A mast has already been installed at the Stronelairg site. Photo: Karl and Ali CC-BY-SA-2.0

A mast has already been installed at the Stronelairg site. Photo: Karl and Ali CC-BY-SA-2.0

A leading conservation charity expressed disappointment at councillors’ approval of plans for a windfarm in the Monadhliath Mountains.

The John Muir Trust called on the Scottish Government to hold a full public inquiry into proposals for the Stronelairg windfarm.

Highland Council voted not to object to SSE Renewables’ scheme to build 83 turbines, up to 135m (443ft) tall, but did impose extra conditions.

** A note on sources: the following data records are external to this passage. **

(* Let $\mathbb F_\infty$ have free basis $x_1,x_2,\dots$. Every $S$-invariant subgroup of $\mathbb F_\infty$ that contains the commutator $x_1x_2x_1^{-1}x_2^{-1}$ is fully characteristic, i.e. invariant under every endomorphism of $\mathbb F_\infty$.
   Context: $S\subseteq\mathrm{End}(\mathbb F_\infty)$ is the subsemigroup generated by: (i) for every $n$ and indices $i(1),\dots,i(n)$, the endomorphism $x_k\mapsto x_{i(k)}$ ($k\le n$), $x_k\mapsto x_k$ ($k>n$); (ii) for every $i$, the endomorphism $x_k\mapsto x_i^{-1}x_k$ for all $k$; (iii) for every $k$, the endomorphism $x_k\mapsto e$ fixing all other $x_j$; (iv) the endomorphism $x_k\mapsto x_k^{-1}$ for all $k$; (v) all inner automorphisms. A subgroup $H$ is $S$-invariant if $\phi(H)\subseteq H$ for all $\phi\in S$. *)

theory Defs
  imports "HOL-Algebra.Group"
begin

text \<open>Free group on countably many generators x_0, x_1, x_2, ... (0-based indexing).
  A letter (True, i) stands for x_i, a letter (False, i) for x_i inverse.
  Elements are freely reduced words.\<close>

type_synonym fword = "(bool \<times> nat) list"

definition inv_letter :: "bool \<times> nat \<Rightarrow> bool \<times> nat" where
  "inv_letter a = (\<not> fst a, snd a)"

fun reduced :: "fword \<Rightarrow> bool" where
  "reduced [] = True"
| "reduced [a] = True"
| "reduced (a # b # w) = (b \<noteq> inv_letter a \<and> reduced (b # w))"

fun red_cons :: "bool \<times> nat \<Rightarrow> fword \<Rightarrow> fword" where
  "red_cons a [] = [a]"
| "red_cons a (b # w) = (if b = inv_letter a then w else a # b # w)"

definition reduce :: "fword \<Rightarrow> fword" where
  "reduce w = foldr red_cons w []"

definition inv_word :: "fword \<Rightarrow> fword" where
  "inv_word w = rev (map inv_letter w)"

definition F_inf :: "fword monoid" where
  "F_inf = \<lparr>carrier = {w. reduced w}, mult = (\<lambda>u v. reduce (u @ v)), one = []\<rparr>"

definition gen :: "nat \<Rightarrow> fword" where
  "gen i = [(True, i)]"

definition subst :: "(nat \<Rightarrow> fword) \<Rightarrow> fword \<Rightarrow> fword" where
  "subst f w = reduce (concat (map (\<lambda>a. if fst a then f (snd a) else inv_word (f (snd a))) w))"

text \<open>Generators of the semigroup S (with 0-based indices).\<close>
inductive_set S_gens :: "(fword \<Rightarrow> fword) set" where
  rename: "subst (\<lambda>k. if k < n then gen (idx k) else gen k) \<in> S_gens"
| left_mult: "subst (\<lambda>k. reduce [inv_letter (True, i), (True, k)]) \<in> S_gens"
| kill: "subst (\<lambda>j. if j = k then [] else gen j) \<in> S_gens"
| invert: "subst (\<lambda>k. inv_word (gen k)) \<in> S_gens"
| inner: "g \<in> carrier F_inf \<Longrightarrow>
           (\<lambda>w. g \<otimes>\<^bsub>F_inf\<^esub> w \<otimes>\<^bsub>F_inf\<^esub> inv\<^bsub>F_inf\<^esub> g) \<in> S_gens"

inductive_set S_semigroup :: "(fword \<Rightarrow> fword) set" where
  base: "\<phi> \<in> S_gens \<Longrightarrow> \<phi> \<in> S_semigroup"
| comp: "\<phi> \<in> S_semigroup \<Longrightarrow> \<psi> \<in> S_semigroup \<Longrightarrow> \<phi> \<circ> \<psi> \<in> S_semigroup"

definition S_invariant :: "fword set \<Rightarrow> bool" where
  "S_invariant H \<longleftrightarrow> (\<forall>\<phi> \<in> S_semigroup. \<phi> ` H \<subseteq> H)"

definition fully_characteristic :: "fword set \<Rightarrow> bool" where
  "fully_characteristic H \<longleftrightarrow> (\<forall>\<phi> \<in> hom F_inf F_inf. \<phi> ` H \<subseteq> H)"

end

theory Submission
  imports Defs "HOL-Algebra.Coset" "HOL-Algebra.Generated_Groups"
begin

(* Let H be an S-invariant subgroup containing [x_0, x_1].
   (1) Inner automorphisms lie in S, so H is normal; renaming generators maps
       [x_0, x_1] to every [x_i, x_j], so the quotient Q = F/H is abelian.
   (2) In an abelian quotient, the image of a word w under any endomorphism
       phi splits as  phi(w) = phi(kill_k w) * phi(proj_k w)  mod H, where
       kill_k deletes x_k from w and proj_k keeps only the letters x_k.
   (3) If h is in H, then kill_k h is in H (an element of S) and proj_k h,
       obtained by killing all other generators occurring in h, is a power
       x_k^e in H.  Renaming gives x_l^e in H for all l, hence w^e in H for
       every word w since Q is abelian; in particular phi(x_k^e) is in H.
   (4) Induction on the finite set of generators occurring in h yields
       phi(h) in H. *)

section \<open>Reduction of words\<close>

lemma inv_inv_letter [simp]: "inv_letter (inv_letter a) = a"
  by (simp add: inv_letter_def)

lemma reduced_tl: "reduced (a # w) \<Longrightarrow> reduced w"
  by (cases w) auto

lemma reduced_red_cons: "reduced r \<Longrightarrow> reduced (red_cons a r)"
  by (cases r) (auto dest: reduced_tl)

lemma reduced_foldr: "reduced z \<Longrightarrow> reduced (foldr red_cons u z)"
  by (induction u) (auto simp: reduced_red_cons)

lemma reduced_reduce [simp]: "reduced (reduce w)"
  unfolding reduce_def by (rule reduced_foldr) simp

lemma reduce_reduced: "reduced w \<Longrightarrow> reduce w = w"
  by (induction w rule: reduced.induct) (auto simp: reduce_def)

lemma reduce_Nil [simp]: "reduce [] = []"
  by (simp add: reduce_def)

lemma reduce_Cons: "reduce (a # w) = red_cons a (reduce w)"
  by (simp add: reduce_def)

lemma red_cons_cancel: "reduced y \<Longrightarrow> red_cons a (red_cons (inv_letter a) y) = y"
proof (cases y)
  case (Cons c y')
  assume "reduced y"
  then show ?thesis
    using Cons by (cases "c = a"; cases y') auto
qed simp

text \<open>Reducing a prefix first does not change the final reduction: this is the
  key fact behind associativity of the product of reduced words.\<close>
lemma foldr_red_cons:
  assumes "reduced r" "reduced z"
  shows "foldr red_cons (red_cons a r) z = red_cons a (foldr red_cons r z)"
proof (cases r)
  case (Cons b r')
  show ?thesis
  proof (cases "b = inv_letter a")
    case True
    have "reduced (foldr red_cons r' z)" using assms(2) by (rule reduced_foldr)
    then show ?thesis using Cons True red_cons_cancel by simp
  qed (use Cons in simp)
qed simp

lemma foldr_reduce: "reduced z \<Longrightarrow> foldr red_cons (reduce u) z = foldr red_cons u z"
proof (induction u)
  case (Cons a u)
  have "foldr red_cons (reduce (a # u)) z = red_cons a (foldr red_cons (reduce u) z)"
    unfolding reduce_Cons by (rule foldr_red_cons) (use Cons in simp_all)
  then show ?case using Cons by simp
qed (simp add: reduce_def)

lemma reduce_append: "reduce (u @ v) = foldr red_cons u (reduce v)"
  by (simp add: reduce_def)

lemma reduce_left [simp]: "reduce (reduce u @ v) = reduce (u @ v)"
  by (simp add: reduce_append foldr_reduce)

lemma reduce_right [simp]: "reduce (u @ reduce v) = reduce (u @ v)"
  by (simp add: reduce_append reduce_reduced)

lemma reduce_gen [simp]: "reduce (gen i) = gen i"
  by (simp add: gen_def reduce_def)

lemma reduce_cancel_mid: "reduce (u @ inv_letter a # a # v) = reduce (u @ v)"
  using red_cons_cancel[of "reduce v" "inv_letter a"] by (simp add: reduce_append reduce_Cons)

lemma reduce_inv_word_left: "reduce (inv_word w @ w @ v) = reduce v"
proof (induction w arbitrary: v)
  case (Cons a w)
  have "inv_word (a # w) @ (a # w) @ v = inv_word w @ inv_letter a # a # (w @ v)"
    by (simp add: inv_word_def)
  then show ?case using Cons reduce_cancel_mid[of "inv_word w" a "w @ v"] by simp
qed (simp add: inv_word_def)

lemma inv_word_inv_word [simp]: "inv_word (inv_word w) = w"
  by (simp add: inv_word_def rev_map comp_def)

lemma reduce_inv_word_right: "reduce (w @ inv_word w @ v) = reduce v"
  using reduce_inv_word_left[of "inv_word w" v] by simp

lemma set_reduce: "set (reduce w) \<subseteq> set w"
proof (induction w)
  case (Cons a w)
  have "set (red_cons a r) \<subseteq> insert a (set r)" for r
    by (cases r) auto
  then show ?case using Cons by (fastforce simp: reduce_Cons)
qed simp

section \<open>The free group \<open>F_inf\<close>\<close>

lemma F_carrier: "carrier F_inf = {w. reduced w}" by (simp add: F_inf_def)
lemma F_mult: "u \<otimes>\<^bsub>F_inf\<^esub> v = reduce (u @ v)" by (simp add: F_inf_def)
lemma F_one: "\<one>\<^bsub>F_inf\<^esub> = []" by (simp add: F_inf_def)

lemma group_F: "group F_inf"
proof (rule groupI)
  fix x assume "x \<in> carrier F_inf"
  then show "\<exists>y\<in>carrier F_inf. y \<otimes>\<^bsub>F_inf\<^esub> x = \<one>\<^bsub>F_inf\<^esub>"
    using reduce_inv_word_left[of x "[]"]
    by (intro bexI[of _ "reduce (inv_word x)"]) (auto simp: F_carrier F_mult F_one)
qed (auto simp: F_carrier F_mult F_one reduce_reduced)

interpretation F: group F_inf by (rule group_F)

lemma gen_carrier [simp]: "gen i \<in> carrier F_inf"
  by (simp add: F_carrier gen_def)

lemma inv_gen: "inv\<^bsub>F_inf\<^esub> gen i = [(False, i)]"
proof (rule F.inv_equality)
  show "[(False, i)] \<otimes>\<^bsub>F_inf\<^esub> gen i = \<one>\<^bsub>F_inf\<^esub>"
    by (simp add: F_mult F_one gen_def reduce_def inv_letter_def)
qed (simp_all add: F_carrier gen_def)

lemma F_induct [consumes 1, case_names one gen inv_gen]:
  assumes "w \<in> carrier F_inf" "P []"
    "\<And>i u. u \<in> carrier F_inf \<Longrightarrow> P u \<Longrightarrow> P (gen i \<otimes>\<^bsub>F_inf\<^esub> u)"
    "\<And>i u. u \<in> carrier F_inf \<Longrightarrow> P u \<Longrightarrow> P (inv\<^bsub>F_inf\<^esub> (gen i) \<otimes>\<^bsub>F_inf\<^esub> u)"
  shows "P w"
  using assms(1)
proof (induction w)
  case Nil then show ?case using assms(2) by simp
next
  case (Cons a w)
  then have r: "reduced (a # w)" and w: "w \<in> carrier F_inf"
    by (auto simp: F_carrier dest: reduced_tl)
  then have "P w" using Cons by simp
  obtain b i where a: "a = (b, i)" by force
  show ?case
  proof (cases b)
    case True
    then have "gen i \<otimes>\<^bsub>F_inf\<^esub> w = a # w"
      using r a by (simp add: F_mult gen_def reduce_reduced)
    then show ?thesis using assms(3)[OF w \<open>P w\<close>, of i] by simp
  next
    case False
    then have "inv\<^bsub>F_inf\<^esub> (gen i) \<otimes>\<^bsub>F_inf\<^esub> w = a # w"
      using r a by (simp add: F_mult inv_gen reduce_reduced)
    then show ?thesis using assms(4)[OF w \<open>P w\<close>, of i] by simp
  qed
qed

section \<open>Homomorphisms out of \<open>F_inf\<close>\<close>

lemma hom_F_one: "group G \<Longrightarrow> \<chi> \<in> hom F_inf G \<Longrightarrow> \<chi> [] = \<one>\<^bsub>G\<^esub>"
  using hom_one[OF _ group_F] by (simp add: F_one)

lemma hom_F_inv:
  "group G \<Longrightarrow> \<chi> \<in> hom F_inf G \<Longrightarrow> w \<in> carrier F_inf \<Longrightarrow> \<chi> (inv\<^bsub>F_inf\<^esub> w) = inv\<^bsub>G\<^esub> \<chi> w"
  by (simp add: group_hom.hom_inv group_hom_def group_hom_axioms_def group_F)

lemma hom_image_in_subgroup:
  assumes G: "group G" and \<chi>: "\<chi> \<in> hom F_inf G" and K: "subgroup K G"
    and gens: "\<And>i. \<chi> (gen i) \<in> K" and w: "w \<in> carrier F_inf"
  shows "\<chi> w \<in> K"
  using w
proof (induction rule: F_induct)
  case one
  then show ?case using hom_F_one[OF G \<chi>] subgroup.one_closed[OF K] by simp
next
  case (gen i u)
  then show ?case using hom_mult[OF \<chi>] gens subgroup.m_closed[OF K] by simp
next
  case (inv_gen i u)
  then show ?case
    using hom_mult[OF \<chi>] hom_F_inv[OF G \<chi>] gens subgroup.m_closed[OF K] subgroup.m_inv_closed[OF K]
    by simp
qed

lemma hom_eq_on_gens:
  assumes G: "group G" and \<chi>1: "\<chi>1 \<in> hom F_inf G" and \<chi>2: "\<chi>2 \<in> hom F_inf G"
    and gens: "\<And>i. \<chi>1 (gen i) = \<chi>2 (gen i)" and w: "w \<in> carrier F_inf"
  shows "\<chi>1 w = \<chi>2 w"
  using w
proof (induction rule: F_induct)
  case one
  then show ?case using hom_F_one[OF G \<chi>1] hom_F_one[OF G \<chi>2] by simp
next
  case (gen i u)
  then show ?case using hom_mult[OF \<chi>1] hom_mult[OF \<chi>2] gens by simp
next
  case (inv_gen i u)
  then show ?case
    using hom_mult[OF \<chi>1] hom_mult[OF \<chi>2] hom_F_inv[OF G \<chi>1] hom_F_inv[OF G \<chi>2] gens by simp
qed

lemma (in group) centralizer_subgroup:
  assumes z: "z \<in> carrier G"
  shows "subgroup {x \<in> carrier G. x \<otimes> z = z \<otimes> x} G"
proof (rule subgroupI)
  fix x assume "x \<in> {x \<in> carrier G. x \<otimes> z = z \<otimes> x}"
  then have x: "x \<in> carrier G" and xz: "x \<otimes> z = z \<otimes> x" by auto
  have "inv x \<otimes> z = inv x \<otimes> (z \<otimes> x) \<otimes> inv x" using x z by (simp add: m_assoc)
  also have "\<dots> = z \<otimes> inv x" using x z by (simp add: xz[symmetric] m_assoc[symmetric])
  finally show "inv x \<in> {x \<in> carrier G. x \<otimes> z = z \<otimes> x}" using x by simp
next
  fix x y assume "x \<in> {x \<in> carrier G. x \<otimes> z = z \<otimes> x}" "y \<in> {x \<in> carrier G. x \<otimes> z = z \<otimes> x}"
  then have x: "x \<in> carrier G" "x \<otimes> z = z \<otimes> x" and y: "y \<in> carrier G" "y \<otimes> z = z \<otimes> y" by auto
  have "x \<otimes> y \<otimes> z = x \<otimes> (z \<otimes> y)" using x y z by (simp add: m_assoc)
  also have "\<dots> = z \<otimes> (x \<otimes> y)" using x y z by (simp add: m_assoc[symmetric])
  finally show "x \<otimes> y \<in> {x \<in> carrier G. x \<otimes> z = z \<otimes> x}" using x y by simp
qed (use z in auto)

Members of the planning committee voted by 11 to three to raise no objections to the windfarm after a site visit yesterday. The council said, though it was a consultee, the decision on the plans will be made by the Scottish Government.

Helen McDade, the John Muir Trust’s head of policy, said: “We are disappointed that the majority of councillors chose to ignore expert opinion from bodies which include Scottish Natural Heritage, the Cairngorms national park, the Mountaineering Council of Scotland and the John Muir Trust.

“But despite this setback, the fight to save the Monadhliath Mountains will continue.

“Reports this week have suggested that the Scottish Government is open to wild-land protection, but once we industrialise any area of wild land, it is gone forever.

“If this proposal goes ahead, one of Scotland’s core areas of wild land will disappear under a forest of steel turbines the height of the Forth Bridge, spread across an area of peatland the size of a small city.

“Given that SNH, the official agency overseeing Scotland’s landscape and ecology, maintains a substantive objection to the proposal, it would be normal practice for the Scottish Government to call a public inquiry to ensure that full complexity of the Stronelairg development is fully explored.

“It is vital that there is, for example, an in-depth assessment of the permanent damage to the ecology of the area that would be wreaked by excavating up to a million tonnes of rock from sensitive peatlands to build the infrastructure of the site, which will include concrete foundations and 40 miles of access roads.

“The Monadhliath Mountains are a national asset of cultural and geographical significance for the whole of Scotland.

“We would strongly urge the Scottish Government to heed the views of those members of its own party on the council who voted to object to this development.”